И они остались в комнате, уставленной мешками сахара, крупы и муки. На стенах висели венки лука, длинные связки коричневых сухих грибов. Под постелью Верхотурского стояло корыто, полное золотого пшена, а военкомы, подходя к своим дачным, складным кроваткам, ступали осторожно, чтобы не повредить громадных глиняных горшков с повидлом и маринованными грушами, стеклянных банок с малиновым и вишневым вареньем. Они ночевали в комнате, превращенной в кладовую, и хотя комната была очень велика, в ней негде было повернуться, ибо Марья Андреевна славилась как отличная хозяйка, а доктор имел большую практику в окрестных деревнях.

II

— Положение хуже губернаторского, — сказал Факторович.

— Да, хуже, — подтвердил Москвин.

Факторович подошел к окну. Площадь была пуста.

— Как много камней, — удивленно пробормотал он и спросил: — Что же делать?

— А я почем знаю, — ответил Москвин.

— Продолжать шахматное состязание, — предложил Верхотурский.

— Вам смешно, — сказал Факторович, точно Верхотурский был в лучшем положении, чем он и Москвин.

— Пожалуйста, завтракать! — крикнула в коридоре Марья Андреевна.

Они пошли в столовую.

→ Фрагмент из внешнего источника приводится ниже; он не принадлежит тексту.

(* Let $t$ be a positive integer and let $G$ be a graph on $4t-1$ vertices with $\alpha(G)=2$ and $\mathrm{cm}(G)\le t-1$. For any disjoint subsets $A,B\subseteq V(G)$ with $|A|\le |B|=t-1$, the bipartite subgraph $H$ of $G$ formed by the edges of $G$ between $A$ and $B$ contains a matching of size $|A|$.
   Context: All graphs are finite and simple. $\alpha(G)$ is the independence number. A matching $M$ in $G$ is connected if for every two edges of $M$ there is an edge of $G$ joining an endpoint of one to an endpoint of the other; $\mathrm{cm}(G)$ is the maximum size of a connected matching in $G$. *)

theory Defs
  imports Main
begin

definition simple_graph :: "'a set \<Rightarrow> 'a set set \<Rightarrow> bool" where
  "simple_graph V E \<longleftrightarrow> finite V \<and> (\<forall>e\<in>E. e \<subseteq> V \<and> card e = 2)"

definition indep_set :: "'a set \<Rightarrow> 'a set set \<Rightarrow> 'a set \<Rightarrow> bool" where
  "indep_set V E S \<longleftrightarrow> S \<subseteq> V \<and> (\<forall>u\<in>S. \<forall>v\<in>S. {u, v} \<notin> E)"

definition indep_number :: "'a set \<Rightarrow> 'a set set \<Rightarrow> nat" where
  "indep_number V E = Max (card ` {S. indep_set V E S})"

definition matching :: "'a set set \<Rightarrow> 'a set set \<Rightarrow> bool" where
  "matching E M \<longleftrightarrow> M \<subseteq> E \<and> (\<forall>e1\<in>M. \<forall>e2\<in>M. e1 \<noteq> e2 \<longrightarrow> e1 \<inter> e2 = {})"

definition connected_matching :: "'a set set \<Rightarrow> 'a set set \<Rightarrow> bool" where
  "connected_matching E M \<longleftrightarrow> matching E M \<and>
     (\<forall>e1\<in>M. \<forall>e2\<in>M. e1 \<noteq> e2 \<longrightarrow> (\<exists>u\<in>e1. \<exists>v\<in>e2. {u, v} \<in> E))"

definition cm :: "'a set set \<Rightarrow> nat" where
  "cm E = Max (card ` {M. connected_matching E M})"

definition between_edges :: "'a set set \<Rightarrow> 'a set \<Rightarrow> 'a set \<Rightarrow> 'a set set" where
  "between_edges E A B = {e \<in> E. \<exists>a\<in>A. \<exists>b\<in>B. e = {a, b}}"

end

theory Submission
  imports Defs
begin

Москвин посмотрел на стол: белый хлеб, масло, мед, повидло, большая кастрюля сметаны, на блюде в облаке пара высилась гора лапши, смешанной с творогом, в глубоких тарелках лежали редька, соленые огурцы, кислая капуста.

— Э, как-нибудь, — крякнул Москвин и сел за стол.

Он первым справился с лапшой, и Марья Андреевна спросила:

— Вам можно еще?

— Большое спасибо, — сказал он и ударил под столом ногами, как испугавшийся заяц.

— Большое спасибо — да или большое спасибо — нет? — рассмеялась Марья Андреевна и положила ему вторую порцию.

— Если можно, я тоже съем еще, — сердито сказал Факторович и подмигнул шумно глотавшему и почему-то смущенному Москвину.

В столовую вошел длиннолицый мальчик в очках, лет четырнадцати-пятнадцати. К груди он прижимал толстую книгу в блестящем желтом переплете.

— А, Коля, — сказали одновременно Факторович и Москвин.

Мальчик пробормотал:

— Здравствуйте.

После этого он споткнулся и, садясь, так загрохотал стулом, что Марья Андреевна вскрикнула.

Мальчик ел, глядя в книгу, и ни разу не посмотрел в свою тарелку.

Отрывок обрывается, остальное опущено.